# Prompt:
Exactly the lines below from the one with "the diagonal, and" up to and including the one with "- b\<^sup>2) +" make up the answer, with nothing else added.

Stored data
╭──

lemma closed_convex_cone_separation:
  assumes K: "convex_cone_in m K" "closed K" and z: "z \<in> Rm m" "z \<notin> K"
  shows "\<exists>v\<in>Rm m. (\<forall>x\<in>K. (\<Sum>i<m. v i * x i) \<ge> 0) \<and> (\<Sum>i<m. v i * z i) < 0"
proof -
  define f where "f = (\<lambda>x::nat\<Rightarrow>real. \<Sum>i<m. (x i - z i)^2)"
  have f_cont: "continuous_on S f" for S unfolding f_def by (intro continuous_intros)
  define L where "L = K \<inter> {x. f x \<le> f (\<lambda>i. 0)}"
  define R where "R = (\<Sum>i<m. \<bar>z i\<bar>) + 1 + f (\<lambda>i. 0)"
  have bound: "\<bar>x i\<bar> \<le> R" if xL: "x \<in> L" for x i
  proof (cases "i < m")
    case True
    have "(x i - z i)^2 \<le> f x" unfolding f_def
      by (rule member_le_sum[where f="\<lambda>i. (x i - z i)^2"]) (use True in auto)
    also have "\<dots> \<le> f (\<lambda>i. 0)" using xL by (simp add: L_def)
    finally have "(x i - z i)^2 \<le> f (\<lambda>i. 0)" .
    moreover have "\<bar>z i\<bar> \<le> (\<Sum>i<m. \<bar>z i\<bar>)"
      by (rule member_le_sum[where f="\<lambda>i. \<bar>z i\<bar>"]) (use True in auto)
    moreover have "\<bar>x i - z i\<bar> \<le> 1 + (x i - z i)^2"
    proof -
      have "\<bar>u\<bar> \<le> 1 + u^2" for u :: real
      proof -
        have "0 \<le> (\<bar>u\<bar> - 1)^2" by simp
        then show ?thesis by (simp add: power2_eq_square algebra_simps)
      qed
      then show ?thesis .
    qed
    moreover have "\<bar>x i\<bar> \<le> \<bar>z i\<bar> + \<bar>x i - z i\<bar>" by linarith
    ultimately show ?thesis unfolding R_def by linarith
  next
    case False
    then have "x i = 0" using xL K(1) by (auto simp: L_def convex_cone_in_def Rm_def)
    moreover have "0 \<le> f (\<lambda>i. 0)" unfolding f_def by (intro sum_nonneg) auto
    ultimately show ?thesis by (simp add: R_def sum_nonneg)
  qed
  have "compact L"
  proof (rule compact_if_closed_subset_Pi)
    show "closed L"
      unfolding L_def by (intro closed_Int K(2) closed_Collect_le f_cont continuous_on_const)
    show "L \<subseteq> Pi UNIV (\<lambda>i. {-R..R})"
    proof (intro subsetI Pi_I)
      fix x i assume "x \<in> L"
      then show "x i \<in> {-R..R}" using bound[of x i] by (auto simp: abs_le_iff)
    qed
  qed (rule compact_Icc)
  moreover have "(\<lambda>i. 0) \<in> L" using K(1) by (simp add: L_def convex_cone_in_def)
  ultimately obtain p where pL: "p \<in> L" and p_min_L: "\<forall>y\<in>L. f p \<le> f y"
    using continuous_attains_inf[OF _ _ f_cont] by blast
  have pK: "p \<in> K" using pL by (simp add: L_def)
  have p_min: "f p \<le> f x" if "x \<in> K" for x
    using p_min_L pL that by (cases "f x \<le> f (\<lambda>i. 0)") (auto simp: L_def)
  define v where "v = (\<lambda>i. p i - z i)"
  have vR: "v \<in> Rm m" using pK z(1) K(1) by (auto simp: Rm_def v_def convex_cone_in_def)
  txt \<open>\<open>p\<close> is the projection of \<open>z\<close> onto \<open>K\<close>; first-order optimality along feasible directions:\<close>
  have feasible_dir: "(\<Sum>i<m. v i * y i) \<ge> 0"
    if hy: "\<And>t. 0 < t \<Longrightarrow> t \<le> 1 \<Longrightarrow> (\<lambda>i. p i + t * y i) \<in> K" for y
  proof (rule nonneg_if_quadratic_nonneg[where B="\<Sum>i<m. (y i)^2"])
    fix t :: real assume t: "0 < t" "t \<le> 1"
    have "\<And>i. (p i + t * y i - z i)^2 = (p i - z i)^2 + (2*t*((p i - z i) * y i) + t^2 * (y i)^2)"
      by (simp add: power2_eq_square algebra_simps)
    then have "f (\<lambda>i. p i + t * y i) = f p + (2*t*(\<Sum>i<m. v i * y i) + t^2 * (\<Sum>i<m. (y i)^2))"
      unfolding f_def v_def by (simp add: sum.distrib sum_distrib_left mult.assoc)
    moreover have "f p \<le> f (\<lambda>i. p i + t * y i)" using p_min hy[OF t] by blast
    ultimately show "0 \<le> 2*t*(\<Sum>i<m. v i * y i) + t^2 * (\<Sum>i<m. (y i)^2)" by linarith
  qed (intro sum_nonneg, auto)
  have vK: "(\<Sum>i<m. v i * x i) \<ge> 0" if "x \<in> K" for x
    by (rule feasible_dir) (use K(1) pK that in \<open>auto simp: convex_cone_in_def\<close>)
  have "(\<Sum>i<m. v i * (- p i)) \<ge> 0"
  proof (rule feasible_dir)
    fix t :: real assume "0 < t" "t \<le> 1"
    moreover have "(\<lambda>i. p i + t * - p i) = (\<lambda>i. (1 - t) * p i)" by (auto simp: algebra_simps)
    ultimately show "(\<lambda>i. p i + t * - p i) \<in> K" using K(1) pK by (simp add: convex_cone_in_def)
  qed
  then have vp: "(\<Sum>i<m. v i * p i) = 0" using vK[OF pK] by (simp add: sum_negf)
  have "\<exists>i<m. v i \<noteq> 0"
  proof (rule ccontr)
    assume "\<not> (\<exists>i<m. v i \<noteq> 0)"
    then have "p = z" using vR pK z(1) K(1)
      by (auto simp: v_def Rm_def fun_eq_iff convex_cone_in_def) (metis not_le)
    with pK z(2) show False by simp
  qed
  then obtain i where i: "i < m" "v i \<noteq> 0" by blast
  have "0 < v i * v i" using i(2) not_real_square_gt_zero by blast
  also have "v i * v i \<le> (\<Sum>i<m. v i * v i)"
    by (rule member_le_sum[where f="\<lambda>i. v i * v i"]) (use i in auto)
  also have "(\<Sum>i<m. v i * v i) = (\<Sum>i<m. v i * p i) - (\<Sum>i<m. v i * z i)"
    by (simp add: v_def sum_subtractf[symmetric] algebra_simps)
  finally have "(\<Sum>i<m. v i * z i) < 0" using vp by linarith
  with vR vK show ?thesis by blast
qed
(* If $A$ is a doubly nonnegative matrix with at most three distinct eigenvalues, then $A^t$ is doubly nonnegative for all $t\ge 1$.
   Context: A real matrix is doubly nonnegative if it is symmetric, positive semidefinite, and entry-wise nonnegative. For positive semidefinite $A=\sum_i\lambda_ix_ix_i^T$ (orthonormal eigenvectors, $\lambda_i\ge 0$) and $t>0$, $A^t=\sum_i\lambda_i^tx_ix_i^T$. *)

theory Defs
  imports "HOL-Analysis.Analysis"
begin

definition symmetric_mat :: "real^'n^'n \<Rightarrow> bool" where
  "symmetric_mat A \<longleftrightarrow> transpose A = A"

definition psd_mat :: "real^'n^'n \<Rightarrow> bool" where
  "psd_mat A \<longleftrightarrow> symmetric_mat A \<and> (\<forall>x. 0 \<le> x \<bullet> (A *v x))"

definition nonneg_mat :: "real^'n^'n \<Rightarrow> bool" where
  "nonneg_mat A \<longleftrightarrow> (\<forall>i j. 0 \<le> A $ i $ j)"

definition doubly_nonnegative :: "real^'n^'n \<Rightarrow> bool" where
  "doubly_nonnegative A \<longleftrightarrow> symmetric_mat A \<and> psd_mat A \<and> nonneg_mat A"

definition eigenvalues_of :: "real^'n^'n \<Rightarrow> real set" where
  "eigenvalues_of A = {l. \<exists>v. v \<noteq> 0 \<and> A *v v = l *\<^sub>R v}"

definition outer_prod :: "real^'n \<Rightarrow> real^'n \<Rightarrow> real^'n^'n" where
  "outer_prod u v = (\<chi> a b. u $ a * v $ b)"

text \<open>A = sum_i lam_i x_i x_i^T with (x_i) an orthonormal family of eigenvectors
  (indexed by 'n, hence a basis) and lam_i \<ge> 0.\<close>
definition psd_eigendecomp :: "real^'n^'n \<Rightarrow> ('n \<Rightarrow> real) \<Rightarrow> ('n \<Rightarrow> real^'n) \<Rightarrow> bool" where
  "psd_eigendecomp A lam x \<longleftrightarrow>
     (\<forall>i j. x i \<bullet> x j = (if i = j then 1 else 0)) \<and>
     (\<forall>i. 0 \<le> lam i) \<and>
     A = (\<Sum>i\<in>UNIV. lam i *\<^sub>R outer_prod (x i) (x i))"

text \<open>A^t = sum_i lam_i^t x_i x_i^T (independent of the chosen decomposition).\<close>
definition mat_rpow :: "real^'n^'n \<Rightarrow> real \<Rightarrow> real^'n^'n" where
  "mat_rpow A t = (SOME B. \<exists>lam x. psd_eigendecomp A lam x \<and>
       B = (\<Sum>i\<in>UNIV. (lam i powr t) *\<^sub>R outer_prod (x i) (x i)))"

end

theory Submission
  imports Defs
begin

text \<open>Write \<open>t = k + s\<close> with \<open>k \<in> \<nat>\<close> and \<open>1 \<le> s \<le> 2\<close>, so that \<open>A\<^sup>t = A\<^sup>k A\<^sup>s\<close> and it suffices
  that \<open>A\<^sup>s\<close> is entrywise nonnegative. On at most three nonnegative points, \<open>\<lambda>\<^sup>s\<close> coincides
  with a quadratic \<open>g + \<beta> \<lambda> + \<delta> \<lambda>\<^sup>2\<close>, where \<open>\<delta> \<ge> 0\<close> by convexity of \<open>\<lambda>\<^sup>s\<close> and \<open>\<beta> \<ge> 0\<close> by
  concavity of \<open>\<mu>\<^sup>s\<^sup>/\<^sup>2\<close> in \<open>\<mu> = \<lambda>\<^sup>2\<close>. Hence \<open>A\<^sup>s = g I + \<beta> A + \<delta> A\<^sup>2\<close>, which is nonnegative off
  the diagonal, and its diagonal is nonnegative because \<open>A\<^sup>s\<close> is positive semidefinite.\<close>

section \<open>Quadratic interpolation of powers on three points\<close>

lemma quadratic_interpolation_nonneg_coeffs:
  fixes f :: "real \<Rightarrow> real"
  assumes "a < b" "b < c"
    and convex: "f b * (c - a) \<le> f a * (c - b) + f c * (b - a)"
    and concave_sq: "f a * (c\<^sup>2 - b\<^sup>2) + f c * (b\<^sup>2 - a\<^sup>2) \<le> f b * (c\<^sup>2 - a\<^sup>2)"
  shows "\<exists>g \<beta> \<delta>. 0 \<le> \<beta> \<and> 0 \<le> \<delta> \<and> (\<forall>e\<in>{a, b, c}. f e = g + \<beta> * e + \<delta> * e\<^sup>2)"
proof -
  define D where "D = (b - a) * (c - b) * (c - a)"
  define \<delta> where "\<delta> = (f a * (c - b) - f b * (c - a) + f c * (b - a)) / D"
  define \<beta> where "\<beta> = (f b * (c\<^sup>2 - a\<^sup>2) - f a * (c\<^sup>2 - b\<^sup>2) - f c * (b\<^sup>2 - a\<^sup>2)) / D"
  define g where "g = f a - \<beta> * a - \<delta> * a\<^sup>2"
  have D: "D > 0" using assms(1,2) by (simp add: D_def)
  have "0 \<le> \<beta>" "0 \<le> \<delta>" using D convex concave_sq by (simp_all add: \<beta>_def \<delta>_def)
  moreover have "f e = g + \<beta> * e + \<delta> * e\<^sup>2" if "e \<in> {b, c}" for e
  proof -
    have "(g + \<beta> * e + \<delta> * e\<^sup>2) * D = f a * D + (e - a) * (\<beta> * D + \<delta> * D * (a + e))"
      by (simp add: g_def algebra_simps power2_eq_square)
    also have "\<dots> = f e * D"
      using D that by (auto simp: \<beta>_def \<delta>_def) (auto simp: D_def algebra_simps power2_eq_square)
    finally show ?thesis using D by simp
  qed
  ultimately show ?thesis by (intro exI[of _ g] exI[of _ \<beta>] exI[of _ \<delta>]) (auto simp: g_def)
qed

lemma convex_on_chord:
  fixes f :: "real \<Rightarrow> real"
  assumes "convex_on {a..c} f" "a < b" "b < c"
  shows "f b * (c - a) \<le> f a * (c - b) + f c * (b - a)"
proof -
  have "f b \<le> (f c - f a) / (c - a) * (b - a) + f a"
    using convex_onD_Icc'[OF assms(1)] assms(2,3) by simp
  hence "f b * (c - a) \<le> ((f c - f a) / (c - a) * (b - a) + f a) * (c - a)"
    using assms(2,3) by (intro mult_right_mono) auto
  also have "\<dots> = (f c - f a) * (b - a) + f a * (c - a)"
    using assms(2,3) by (simp add: field_simps)
  finally show ?thesis by (simp add: algebra_simps)
qed

lemma concave_on_chord:
  fixes f :: "real \<Rightarrow> real"
  assumes "concave_on {a..c} f" "a < b" "b < c"
  shows "f a * (c - b) + f c * (b - a) \<le> f b * (c - a)"
  using convex_on_chord[of a c "\<lambda>x. - f x" b] assms by (simp add: concave_on_def algebra_simps)

lemma powr_concave: "0 < p \<Longrightarrow> p \<le> 1 \<Longrightarrow> concave_on {0<..} (\<lambda>x::real. x powr p)"
  by (intro f''_le0_imp_concave derivative_eq_intros | simp add: mult_nonpos_nonneg)+

text \<open>The library states convexity (concavity) of powers only on \<open>{0<..}\<close>; a chord starting at
  \<open>0\<close> reduces to monotonicity of \<open>x powr (p - 1)\<close>.\<close>

lemma powr_chord_convex:
  fixes a b c p :: real
  assumes "0 \<le> a" "a < b" "b < c" "1 \<le> p"
  shows "b powr p * (c - a) \<le> a powr p * (c - b) + c powr p * (b - a)"
proof (cases "a = 0")
  case True
  have "b * c * b powr (p - 1) \<le> b * c * c powr (p - 1)"
    using assms by (intro mult_left_mono powr_mono2) auto
  moreover have "b powr p = b * b powr (p - 1)" "c powr p = c * c powr (p - 1)"
    using assms by (simp_all add: powr_mult_base)
  ultimately show ?thesis using True by (simp add: mult_ac)
next
  case False
  have "convex_on {a..c} (\<lambda>x. x powr p)"
    using powr_convex[OF assms(4)] by (rule convex_on_subset) (use assms False in auto)
  thus ?thesis using convex_on_chord assms by blast
qed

╰──

# Exercise result:
  the diagonal, and its diagonal is nonnegative because \<open>A\<^sup>s\<close> is positive semidefinite.\<close>

section \<open>Quadratic interpolation of powers on three points\<close>

lemma quadratic_interpolation_nonneg_coeffs:
  fixes f :: "real \<Rightarrow> real"
  assumes "a < b" "b < c"
    and convex: "f b * (c - a) \<le> f a * (c - b) + f c * (b - a)"
    and concave_sq: "f a * (c\<^sup>2 - b\<^sup>2) + f c * (b\<^sup>2 - a\<^sup>2) \<le> f b * (c\<^sup>2 - a\<^sup>2)"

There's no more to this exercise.